BH CORRESPONDENT, Kolkata: It’s no secret that India’scredit markets have been under pressure even before the coronavirus pandemic. The nationwide lockdown to stem the spread of the virus has only intensified the problems faced by debt markets, which were already grappling with slowing growth, defaults by borrowers and a liquidity squeeze that has left most of India’s non-bank institutions struggling. Then came the wake-up call with Franklin Templeton’s troubles which were linked to its aggressive bets on lower-rated company bonds, the worst affected in the current crisis.
Now, there’s some hope in sight. The Reserve Bank of India has said that it will open a special liquidity window of Rs 50,000 crore to ease pressure on mutual funds, which are facing liquidity strains due to heightened volatility in capital markets.
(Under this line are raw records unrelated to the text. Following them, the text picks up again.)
(* Let $\theta_0\in\mathbb{R}^d$, source task vectors $\tau_1,\dots,\tau_T\in\mathbb{R}^d$ and a target task vector $\tau_{\mathrm{tar}}\in\mathbb{R}^d$ with $\|\tau_i\|^2\le C$ for all $i$ and $\|\tau_{\mathrm{tar}}\|^2\le C$, where $C>0$. Let $\theta_{\mathrm{tar}}=\theta_0+\tau_{\mathrm{tar}}$ and let $\mathcal{L}_{\mathrm{tar}}:\mathbb{R}^d\to\mathbb{R}$ be differentiable with $\nabla\mathcal{L}_{\mathrm{tar}}(\theta_{\mathrm{tar}})=0$, and suppose there is $L_{\mathrm{tar}}\ge 0$ such that for all $\theta$ with $\|\theta-\theta_{\mathrm{tar}}\|\le 2\sqrt{C}$, $\mathcal{L}_{\mathrm{tar}}(\theta)-\mathcal{L}_{\mathrm{tar}}(\theta_{\mathrm{tar}})\le\langle\theta-\theta_{\mathrm{tar}},\nabla\mathcal{L}_{\mathrm{tar}}(\theta_{\mathrm{tar}})\rangle+\frac{L_{\mathrm{tar}}}{2}\|\theta-\theta_{\mathrm{tar}}\|^2$. Assume $\langle\tau_{\mathrm{tar}},\tau_i\rangle\ge 0$ for all $i\in[T]$; let $i^\star\in\arg\max_{i\in[T]}\langle\tau_{\mathrm{tar}},\tau_i\rangle$ and suppose $\langle\tau_{\mathrm{tar}},\tau_{i^\star}\rangle\ge\gamma C$ for some $0<\gamma\le 1$. Let $\mathbf{W}_e\in\mathbb{R}^{T\times M}$ have every column in $\Delta^{T-1}$, let $B_m=\sum_{j=1}^T\mathbf{W}_e[j,m]\tau_j$, and suppose there is $m^\star\in[M]$ with $\mathbf{W}_e[i^\star,m^\star]\ge\rho$ for some $\rho\in(0,1]$. Then there exists $\alpha\in\Delta^{M-1}$ such that $\theta^M_{\mathrm{Add}}=\theta_0+\sum_{m=1}^M\alpha_mB_m$ satisfies $$\mathcal{L}_{\mathrm{tar}}(\theta^M_{\mathrm{Add}})\le\mathcal{L}_{\mathrm{tar}}(\theta_{\mathrm{tar}})+L_{\mathrm{tar}}C(1-\rho\gamma).$$
   Context: Norms and inner products are Euclidean. $\Delta^{K-1}=\{x\in\mathbb{R}^K: x\ge 0,\ \sum_k x_k=1\}$. The vectors $B_m$ are the basis vectors (convex combinations of task vectors) produced by a softmax-activated encoder with weight matrix $\mathbf{W}_e$. *)

theory Defs
  imports "HOL-Analysis.Analysis"
begin

text \<open>Probability simplex Delta^{K-1}, with coordinates indexed by 0..K-1.\<close>
definition prob_simplex :: "nat \<Rightarrow> (nat \<Rightarrow> real) set" where
  "prob_simplex K = {x. (\<forall>k<K. 0 \<le> x k) \<and> (\<Sum>k<K. x k) = 1}"

end

theory Submission
  imports Defs
begin

text \<open>It suffices to put all weight on the basis vector \<open>B\<^sub>m\<^sub>\<star>\<close>. As a convex combination
  of task vectors of norm at most \<open>\<surd>C\<close>, it has norm at most \<open>\<surd>C\<close>; since all inner products
  \<open>\<langle>\<tau>\<^sub>t\<^sub>a\<^sub>r, \<tau>\<^sub>j\<rangle>\<close> are nonnegative, \<open>\<langle>\<tau>\<^sub>t\<^sub>a\<^sub>r, B\<^sub>m\<^sub>\<star>\<rangle> \<ge> \<rho> \<langle>\<tau>\<^sub>t\<^sub>a\<^sub>r, \<tau>\<^sub>i\<^sub>\<star>\<rangle> \<ge> \<rho>\<gamma>C\<close>.
  Expanding the square gives \<open>\<parallel>B\<^sub>m\<^sub>\<star> - \<tau>\<^sub>t\<^sub>a\<^sub>r\<parallel>\<^sup>2 \<le> 2C(1 - \<rho>\<gamma>)\<close>, and the quadratic upper
  bound at the stationary point \<open>\<theta>\<^sub>t\<^sub>a\<^sub>r\<close> turns this into the loss bound.\<close>

lemma vertex_in_prob_simplex:
  assumes "m < M"
  shows "(\<lambda>k. if k = m then 1 else 0) \<in> prob_simplex M"
  using assms by (auto simp: prob_simplex_def)

lemma sum_vertex_scaleR:
  fixes f :: "nat \<Rightarrow> 'a::real_vector"
  assumes "m < M"
  shows "(\<Sum>k<M. (if k = m then 1 else 0) *\<^sub>R f k) = f m"
proof -
  have "(\<Sum>k<M. (if k = m then 1 else 0) *\<^sub>R f k) = (\<Sum>k<M. if k = m then f k else 0)"
    by (intro sum.cong) auto
  then show ?thesis
    using assms by simp
qed

lemma norm_convex_combination_le:
  fixes v :: "nat \<Rightarrow> 'a::real_normed_vector"
  assumes w: "w \<in> prob_simplex T" and bound: "\<forall>j<T. norm (v j) \<le> r"
  shows "norm (\<Sum>j<T. w j *\<^sub>R v j) \<le> r"
proof -
  have w_nonneg: "\<forall>j<T. 0 \<le> w j" and w_sum: "(\<Sum>j<T. w j) = 1"
    using w by (auto simp: prob_simplex_def)
  have "norm (\<Sum>j<T. w j *\<^sub>R v j) \<le> (\<Sum>j<T. norm (w j *\<^sub>R v j))"
    by (rule norm_sum)
  also have "\<dots> = (\<Sum>j<T. w j * norm (v j))"
    using w_nonneg by (intro sum.cong) auto
  also have "\<dots> \<le> (\<Sum>j<T. w j * r)"
    using w_nonneg bound by (intro sum_mono mult_left_mono) auto
  also have "\<dots> = r"
    using w_sum by (simp add: sum_distrib_right[symmetric])
  finally show ?thesis .
qed

lemma inner_convex_combination_ge:
  fixes u :: "'a::real_inner"
  assumes w: "w \<in> prob_simplex T" and i: "i < T" and nonneg: "\<forall>j<T. 0 \<le> u \<bullet> v j"
  shows "w i * (u \<bullet> v i) \<le> u \<bullet> (\<Sum>j<T. w j *\<^sub>R v j)"
proof -
  have w_nonneg: "\<forall>j<T. 0 \<le> w j"
    using w by (auto simp: prob_simplex_def)
  have "u \<bullet> (\<Sum>j<T. w j *\<^sub>R v j) = (\<Sum>j<T. w j * (u \<bullet> v j))"
    by (simp add: inner_sum_right)
  also have "\<dots> = w i * (u \<bullet> v i) + (\<Sum>j\<in>{..<T} - {i}. w j * (u \<bullet> v j))"
    using i by (simp add: sum.remove)
  also have "\<dots> \<ge> w i * (u \<bullet> v i)"
    using w_nonneg nonneg by (auto intro!: sum_nonneg)
  finally show ?thesis .
qed

lemma norm_diff_square_le_of_inner_ge:
  fixes x y :: "'a::real_inner"
  assumes "(norm x)\<^sup>2 \<le> C" "(norm y)\<^sup>2 \<le> C" "c * C \<le> x \<bullet> y"
  shows "(norm (x - y))\<^sup>2 \<le> 2 * C * (1 - c)"
  using assms dot_norm_neg[of x y] by (simp add: algebra_simps)

lemma quadratic_upper_bound_at_stationary_point:
  fixes \<L> :: "'a::real_inner \<Rightarrow> real"
  assumes smooth: "\<forall>\<theta>. norm (\<theta> - \<theta>opt) \<le> R \<longrightarrow>
        \<L> \<theta> - \<L> \<theta>opt \<le> (\<theta> - \<theta>opt) \<bullet> g + L / 2 * (norm (\<theta> - \<theta>opt))\<^sup>2"
    and "g = 0" and "0 \<le> L"
    and "norm (\<theta> - \<theta>opt) \<le> R" and "(norm (\<theta> - \<theta>opt))\<^sup>2 \<le> D"
  shows "\<L> \<theta> \<le> \<L> \<theta>opt + L / 2 * D"
proof -
  have "\<L> \<theta> - \<L> \<theta>opt \<le> L / 2 * (norm (\<theta> - \<theta>opt))\<^sup>2"
    using smooth assms(2,4) by simp
  also have "\<dots> \<le> L / 2 * D"
    using assms(3,5) by (intro mult_left_mono) auto
  finally show ?thesis by simp
qed

theorem mainTheorem6:
  fixes \<theta>0 \<tau>tar :: "'a::euclidean_space"
    and \<tau> :: "nat \<Rightarrow> 'a"
    and T M :: nat
    and C Ltar \<gamma> \<rho> :: real
    and \<L> :: "'a \<Rightarrow> real"
    and grad :: "'a \<Rightarrow> 'a"
    and W :: "nat \<Rightarrow> nat \<Rightarrow> real"
    and istar mstar :: nat
  assumes Cpos: "C > 0"
    and tau_bd: "\<forall>i<T. (norm (\<tau> i))\<^sup>2 \<le> C"
    and tar_bd: "(norm \<tau>tar)\<^sup>2 \<le> C"
    and grad: "\<forall>\<theta>. (\<L> has_derivative (\<lambda>h. grad \<theta> \<bullet> h)) (at \<theta>)"
    and grad0: "grad (\<theta>0 + \<tau>tar) = 0"
    and Ltar: "Ltar \<ge> 0"
    and smooth: "\<forall>\<theta>. norm (\<theta> - (\<theta>0 + \<tau>tar)) \<le> 2 * sqrt C \<longrightarrow>
        \<L> \<theta> - \<L> (\<theta>0 + \<tau>tar) \<le> (\<theta> - (\<theta>0 + \<tau>tar)) \<bullet> grad (\<theta>0 + \<tau>tar)
          + Ltar / 2 * (norm (\<theta> - (\<theta>0 + \<tau>tar)))\<^sup>2"
    and nonneg: "\<forall>i<T. \<tau>tar \<bullet> \<tau> i \<ge> 0"
    and istar: "istar < T" "\<forall>i<T. \<tau>tar \<bullet> \<tau> i \<le> \<tau>tar \<bullet> \<tau> istar"
    and gamma: "0 < \<gamma>" "\<gamma> \<le> 1" "\<tau>tar \<bullet> \<tau> istar \<ge> \<gamma> * C"
    and W: "\<forall>m<M. (\<lambda>j. W j m) \<in> prob_simplex T"
    and mstar: "mstar < M" "W istar mstar \<ge> \<rho>"
    and rho: "0 < \<rho>" "\<rho> \<le> 1"
  shows "\<exists>\<alpha> \<in> prob_simplex M.
     \<L> (\<theta>0 + (\<Sum>m<M. \<alpha> m *\<^sub>R (\<Sum>j<T. W j m *\<^sub>R \<tau> j)))
       \<le> \<L> (\<theta>0 + \<tau>tar) + Ltar * C * (1 - \<rho> * \<gamma>)"
proof -
  define B where "B = (\<Sum>j<T. W j mstar *\<^sub>R \<tau> j)"
  have W_mstar: "(\<lambda>j. W j mstar) \<in> prob_simplex T"
    using W mstar(1) by simp
  have norm_B: "norm B \<le> sqrt C"
    unfolding B_def using W_mstar tau_bd
    by (intro norm_convex_combination_le) (auto intro: real_le_rsqrt)
  have norm_B_sq: "(norm B)\<^sup>2 \<le> C"
    using norm_B Cpos by (metis norm_ge_zero power_mono real_sqrt_pow2 less_imp_le)
  have "\<rho> * \<gamma> * C \<le> W istar mstar * (\<tau>tar \<bullet> \<tau> istar)"
    using mstar(2) gamma rho Cpos by (simp add: mult.assoc mult_mono)
  also have "\<dots> \<le> \<tau>tar \<bullet> B"
    unfolding B_def using W_mstar istar(1) nonneg by (rule inner_convex_combination_ge)
  finally have "\<rho> * \<gamma> * C \<le> B \<bullet> \<tau>tar"
    by (simp only: inner_commute)
  then have "(norm (B - \<tau>tar))\<^sup>2 \<le> 2 * C * (1 - \<rho> * \<gamma>)"
    by (rule norm_diff_square_le_of_inner_ge[OF norm_B_sq tar_bd])
  then have dist_sq: "(norm (\<theta>0 + B - (\<theta>0 + \<tau>tar)))\<^sup>2 \<le> 2 * C * (1 - \<rho> * \<gamma>)"
    by simp
  have "norm (B - \<tau>tar) \<le> 2 * sqrt C"
    using norm_triangle_ineq4[of B \<tau>tar] norm_B real_le_rsqrt[OF tar_bd] by linarith
  then have dist: "norm (\<theta>0 + B - (\<theta>0 + \<tau>tar)) \<le> 2 * sqrt C"
    by simp
  have "\<L> (\<theta>0 + B) \<le> \<L> (\<theta>0 + \<tau>tar) + Ltar / 2 * (2 * C * (1 - \<rho> * \<gamma>))"
    by (rule quadratic_upper_bound_at_stationary_point[OF smooth grad0 Ltar dist dist_sq])
  also have "\<dots> = \<L> (\<theta>0 + \<tau>tar) + Ltar * C * (1 - \<rho> * \<gamma>)"
    by simp
  moreover have "(\<Sum>m<M. (if m = mstar then 1 else 0) *\<^sub>R (\<Sum>j<T. W j m *\<^sub>R \<tau> j)) = B"
    unfolding B_def by (rule sum_vertex_scaleR[OF mstar(1)])
  ultimately show ?thesis
    using vertex_in_prob_simplex[OF mstar(1)] by (intro bexI) simp_all
qed

end
lemma tangential_second_order_at_max:
  fixes N :: "real^'n \<Rightarrow> real^'n"
  assumes hyp: "smooth_hypersurface_normal \<Gamma> N"
    and U: "open U" and g: "twice_differentiable_on U g"
    and p: "p \<in> \<Gamma>" "p \<in> U" and max: "\<And>y. y \<in> \<Gamma> \<Longrightarrow> g y \<le> g p"
    and v: "v \<bullet> N p = 0"
  shows "v \<bullet> (\<chi> i. grad (partial i g) p \<bullet> v)
    \<le> (N p \<bullet> grad g p) * (v \<bullet> (\<chi> k. grad (\<lambda>y. N y $ k) p \<bullet> v))"
proof -
  have "\<exists>V \<phi>. open V \<and> p \<in> V \<and> smooth_on V \<phi> \<and> (\<forall>x\<in>V. grad \<phi> x \<noteq> 0)
      \<and> \<Gamma> \<inter> V = {x\<in>V. \<phi> x = 0} \<and> (\<forall>x\<in>\<Gamma> \<inter> V. \<exists>c. N x = c *\<^sub>R grad \<phi> x)"
    using hyp p(1) unfolding smooth_hypersurface_normal_def by blast
  then obtain V \<phi> where
    V: "open V" "p \<in> V" "smooth_on V \<phi>" "\<And>x. x \<in> V \<Longrightarrow> grad \<phi> x \<noteq> 0"
      "\<Gamma> \<inter> V = {x\<in>V. \<phi> x = 0}" "\<And>x. x \<in> \<Gamma> \<inter> V \<Longrightarrow> \<exists>c. N x = c *\<^sub>R grad \<phi> x"
    by blast
  define W where "W = U \<inter> V"
  have W: "open W" "p \<in> W" unfolding W_def using U V p by auto
  have on_\<Gamma>: "q \<in> \<Gamma> \<inter> V" if "q \<in> W" "\<phi> q = 0" for q
    using that V(5) unfolding W_def by blast
  have \<phi>2: "twice_differentiable_on V \<phi>"
    using smooth_on_imp_twice_differentiable_on(1)[OF V(3)] .
  have \<phi>: "(\<phi> has_derivative (\<lambda>h. grad \<phi> x \<bullet> h)) (at x)" if "x \<in> W" for x
    using that twice_differentiable_onD(1)[OF \<phi>2] has_derivative_grad unfolding W_def by blast
  have \<Phi>: "(grad \<phi> has_derivative (\<lambda>h. \<chi> i. grad (partial i \<phi>) p \<bullet> h)) (at p)"
    using twice_differentiable_onD(2)[OF \<phi>2 V(2)] by (rule has_derivative_grad_field)
  have gd: "(g has_derivative (\<lambda>h. grad g x \<bullet> h)) (at x)" if "x \<in> W" for x
    using that twice_differentiable_onD(1)[OF g] has_derivative_grad unfolding W_def by blast
  have G: "(grad g has_derivative (\<lambda>h. \<chi> i. grad (partial i g) p \<bullet> h)) (at p)"
    using twice_differentiable_onD(2)[OF g p(2)] by (rule has_derivative_grad_field)
  have N: "(N has_derivative (\<lambda>h. \<chi> k. grad (\<lambda>y. N y $ k) p \<bullet> h)) (at p)"
    using smooth_hypersurface_normalD(2)[OF hyp p(1)] by (rule has_derivative_vec_field)
  show ?thesis
  proof (rule normal_second_order_at_constrained_max[OF W \<phi> \<Phi> _ V(4)[OF V(2)] gd G _ N])
    show "\<phi> p = 0" using p(1) V(2,5) by blast
    show "g q \<le> g p" if "q \<in> W" "\<phi> q = 0" for q using max on_\<Gamma>[OF that] by blast
    show "\<exists>c. N q = c *\<^sub>R grad \<phi> q" if "q \<in> W" "\<phi> q = 0" for q using V(6) on_\<Gamma>[OF that] by blast
  qed (use smooth_hypersurface_normalD(1)[OF hyp p(1)] v in auto)
qed

lemma surf_lap_nonpos_at_max:
  fixes N :: "real^'n \<Rightarrow> real^'n"
  assumes hyp: "smooth_hypersurface_normal \<Gamma> N"
    and U: "open U" and g: "twice_differentiable_on U g"
    and p: "p \<in> \<Gamma>" "p \<in> U" and max: "\<And>y. y \<in> \<Gamma> \<Longrightarrow> g y \<le> g p"
  shows "surf_lap N g p \<le> 0"
proof -
  let ?P = "tan_proj (N p)" and ?\<mu> = "N p \<bullet> grad g p"
  have nn: "N p \<bullet> N p = 1" using smooth_hypersurface_normalD(1)[OF hyp p(1)] by (simp add: norm_eq_1)
  \<comment> \<open>Summing the tangential second-order condition over the columns of the projection gives a trace.\<close>
  define e where "e a = (\<chi> i. ?P i a)" for a
  have "e a \<bullet> N p = 0" for a
    using tan_proj_normal[OF nn, of a] by (simp add: e_def inner_vec_def tan_proj_sym[of _ _ a])
  then have "(\<Sum>a\<in>UNIV. e a \<bullet> (\<chi> i. grad (partial i g) p \<bullet> e a)
      - ?\<mu> * (e a \<bullet> (\<chi> k. grad (\<lambda>y. N y $ k) p \<bullet> e a))) \<le> 0"
    using tangential_second_order_at_max[OF hyp U g p max] by (intro sum_nonpos) auto
  moreover have "(\<Sum>a\<in>UNIV. e a \<bullet> (\<chi> i. grad (partial i g) p \<bullet> e a))
      = (\<Sum>i\<in>UNIV. \<Sum>j\<in>UNIV. ?P i j * partial i (partial j g) p)"
  proof -
    have "(\<Sum>a\<in>UNIV. e a \<bullet> (\<chi> i. grad (partial i g) p \<bullet> e a))
        = (\<Sum>i\<in>UNIV. \<Sum>j\<in>UNIV. ?P i j * partial j (partial i g) p)"
      using tan_proj_frame_sum[OF nn, of "\<lambda>i j. partial j (partial i g) p"]
      by (simp add: e_def inner_vec_def grad_def sum_distrib_left mult.assoc)
    also have "\<dots> = (\<Sum>i\<in>UNIV. \<Sum>j\<in>UNIV. ?P i j * partial i (partial j g) p)"
      by (subst sum.swap) (simp add: tan_proj_sym)
    finally show ?thesis .
  qed
  moreover have "(\<Sum>a\<in>UNIV. e a \<bullet> (\<chi> k. grad (\<lambda>y. N y $ k) p \<bullet> e a)) = - mean_curv N p"
  proof -
    have "(\<Sum>a\<in>UNIV. e a \<bullet> (\<chi> k. grad (\<lambda>y. N y $ k) p \<bullet> e a))
        = (\<Sum>k\<in>UNIV. \<Sum>i\<in>UNIV. ?P k i * partial i (\<lambda>y. N y $ k) p)"
      using tan_proj_frame_sum[OF nn, of "\<lambda>k i. partial i (\<lambda>y. N y $ k) p"]
      by (simp add: e_def inner_vec_def grad_def sum_distrib_left mult.assoc)
    also have "\<dots> = - mean_curv N p"
      by (subst sum.swap) (simp add: mean_curv_eq tan_proj_sym)
    finally show ?thesis .
  qed
  ultimately show ?thesis
    using surf_lap_eq[OF smooth_hypersurface_normalD(2)[OF hyp p(1)] twice_differentiable_onD(2)[OF g p(2)]
        smooth_hypersurface_normalD(1)[OF hyp p(1)]]
    by (simp add: sum_subtractf sum_distrib_left[symmetric] algebra_simps)
qed

theorem corollary2p6:
  fixes \<Gamma> :: "(real^'n) set" and N :: "real^'n \<Rightarrow> real^'n"
  assumes "CARD('n) \<ge> 2"
    and "compact \<Gamma>" and "\<Gamma> \<noteq> {}"
    and "smooth_hypersurface_normal \<Gamma> N"
  shows "\<not> (\<forall>x\<in>\<Gamma>. (x \<bullet> N x) / 4 = - surf_lap N (mean_curv N) x)"
proof
  assume profile: "\<forall>x\<in>\<Gamma>. (x \<bullet> N x) / 4 = - surf_lap N (mean_curv N) x"
  obtain U where U: "open U" "\<Gamma> \<subseteq> U" "smooth_field_on U N"
    using assms(4) unfolding smooth_hypersurface_normal_def by blast
  let ?H = "mean_curv N"
  have H: "twice_differentiable_on U ?H" using twice_differentiable_on_mean_curv[OF U(1,3)] .
  have E: "twice_differentiable_on U (energy ?H)" using twice_differentiable_on_energy[OF U(1) H] .
  have "continuous_on \<Gamma> (energy ?H)"
    using U(2) twice_differentiable_onD(1)[OF E]
    by (intro continuous_at_imp_continuous_on ballI differentiable_imp_continuous_within) auto
  then obtain p where p: "p \<in> \<Gamma>" "\<And>y. y \<in> \<Gamma> \<Longrightarrow> energy ?H y \<le> energy ?H p"
    using continuous_attains_sup[OF assms(2,3)] by blast
  have pU: "p \<in> U" using p(1) U(2) by blast
  have "surf_lap N (energy ?H) p \<le> 0"
    using surf_lap_nonpos_at_max[OF assms(4) U(1) E p(1) pU p(2)] .
  moreover have "surf_lap N (energy ?H) p = real CARD('n) - 1 + 4 * (norm (surf_grad N ?H p))\<^sup>2"
    using surf_lap_energy[OF U(1) H pU smooth_hypersurface_normalD(2,1)[OF assms(4) p(1)]] profile p(1)
    by (simp add: algebra_simps)
  moreover have "real CARD('n) - 1 \<ge> 1" using assms(1) by simp
  ultimately show False by (smt (verit) zero_le_power2)
qed

end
Banks will draw funds under the Special Liquidity Facility-Mutual Fund (SLF) exclusively for meeting the liquidity requirements of MFs by extending loans. Bank could also make outright purchase of investment-grade corporate bonds, commercial papers (CPs), debentures and certificates of Deposit (CDs) held by MFs.
The scheme is effective from today (April 27, 2020) and will run up to May 11, 2020, or up to utilisation of allocated amount, whichever is earlier. The RBI would review the timeline and amount depending on market conditions.